The new study is a collaboration between researchers in the Department of Stem Cells and Regenerative Biology at Harvard, Broad and Boston Children’s Hospital.

The article details how the group modified the outer protein envelope of an adeno-associated viral capsid known as AAV9, a gene delivery vehicle commonly used in gene therapy, to improve its ability to transfer genes. in muscle cells. They then injected the capsids into mice and primates, then sampled and sequenced muscle tissue throughout the body to look for the capsids that had successfully delivered their genetic cargo. They found a family of capsid variants with a unique surface structure that specifically targets muscle cells, and called them MyoAAV.

The researchers then put their capsids to the test: treating genetic muscle disease in animal models.

In the mouse model of Duchenne muscular dystrophy, which causes progressive muscle degeneration and weakness due to alterations in a protein that keeps muscles intact, MyoAAV carrying CRISPR-Cas9 led to more extensive repair of the dysfunctional gene in muscle tissue. This was compared to conventional AAV9 carrying the CRISPR components. Muscles from animals treated with MyoAAV also showed greater strength and function.

In collaboration with Alan Beggs’ lab at Boston Children’s Hospital, the research team showed that MyoAAV was also effective in treating Duchenne muscular dystrophy.

In the mouse model of X-linked myotubular myopathy, a fatal disease after about 10 weeks in mice, the researchers found that after receiving a dose 100 times lower than that of other viral vectors currently used in trials Clinically, all six mice treated with MyoAAV in the study lived as long as normal mice.
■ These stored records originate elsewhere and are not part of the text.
lemma mvar_E_complement_mem_drop_v_plus_span:
  fixes n k :: nat
  assumes bi: "bi_ideal n m I" and "n \<ge> 1" and "k \<ge> 1" and kN: "2 * k < 2 ^ n - 1"
    and e: "mvar (E (2 ^ n - 1 - 2 * k)) \<in> I"
  shows "mvar (E (2 ^ n - 1 - k)) \<in> drop_v_plus_span I (\<lambda>\<mu>. e_degree \<mu> mod (2 ^ n - 1) \<noteq> 2 ^ n - 1 - k)"
    (is "_ \<in> ?S")
proof (rule ccontr)
  assume "mvar (E (2 ^ n - 1 - k)) \<notin> ?S"
  have I: "is_ideal I" using bi unfolding bi_ideal_def H_ideal_def by blast
  obtain f :: "hvar mpoly \<Rightarrow> bit" where add: "\<And>x y. f (x + y) = f x + f y"
    and vanish: "\<And>x. x \<in> ?S \<Longrightarrow> f x = 0" and "f (mvar (E (2 ^ n - 1 - k))) = 1"
    using separating_functional[OF subspace_drop_v_plus_span[OF I] \<open>mvar (E (2 ^ n - 1 - k)) \<notin> ?S\<close>] by blast
  have "contract_right f (dgen n (2 ^ n - 1 - 2 * k)) \<in> drop_v ` I"
    using vanish[OF drop_v_mem_drop_v_plus_span]
    by (rule contract_right_tensor_ideal[OF add _ I Delta_mem_tensor_ideal[OF bi e]])
  moreover have "0 \<in> I" using I by (simp add: is_ideal_def)
  then have "contract_right f (dgen n (2 ^ n - 1 - 2 * k)) = mvar (E (2 ^ n - 1 - k))"
    using contract_right_dgen[where n=n and k=k and f=f, OF vanish[OF single_mem_drop_v_plus_span]
        \<open>n \<ge> 1\<close> \<open>k \<ge> 1\<close> kN] \<open>f (mvar (E (2 ^ n - 1 - k))) = 1\<close>
    by simp
  ultimately show False
    using \<open>mvar (E (2 ^ n - 1 - k)) \<notin> ?S\<close> drop_v_mem_drop_v_plus_span by auto
qed

theorem propositionA3p1:
  fixes n m k :: nat and I :: "hvar mpoly set"
  assumes "n \<ge> 1" and "m \<le> 2 ^ (n + 1)"
    and "bi_ideal n m I" and "homogeneous_ideal n I" and "saturated I"
    and "k \<ge> 1" and "int (2 ^ n) - 1 - 2 * int k \<ge> 1"
    and "mvar (E (2 ^ n - 1 - 2 * k)) \<in> I"
  shows "mvar (E (2 ^ n - 1 - k)) \<in> I"
proof -
  have I: "is_ideal I" using assms(3) unfolding bi_ideal_def H_ideal_def by blast
  have kN: "2 * k < 2 ^ n - 1" using assms(7) by linarith
  then have "2 ^ n - 1 - k < 2 ^ n - 1" using assms(6) by linarith
  then show ?thesis
    using mvar_E_complement_mem_drop_v_plus_span[OF assms(3,1,6) kN assms(8)]
    by (rule mvar_E_mem_of_drop_v[OF I assms(4,5)])
qed

end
In comparison, mice treated with AAV9 lived only to the age of 21 weeks.

In their final experiment, the team saw that MyoAAV designed for non-human primates delivered genes to the muscles of these animals much more efficiently than the natural capsids currently used in clinical trials. MyoAAV has also successfully introduced genes into human cells in the laboratory. The results suggest that MyoAAV can be used for muscle-directed gene delivery across different species, as various MyoAAV capsids used a similar mechanism to deliver genes to mouse and human muscle cells.

The next steps are to use the data from the study and examine how the system can be used to enable effective drug development for patients.

“We have a tremendous amount of information on this class of vectors from which the field can initiate many exciting new studies,” said Wagers.

Support for this research was provided in part by an anonymous philanthropic donation, the Howard Hughes Medical Institute, Sarepta Therapeutics, the Broad Institute’s Chemical Biology and Therapeutic Sciences program, the American Society of Gene & Cell Therapy, the National Institutes of Health, the Glenn Foundation, the Muscular Dystrophy Association USA, and the Anderson Family Foundation.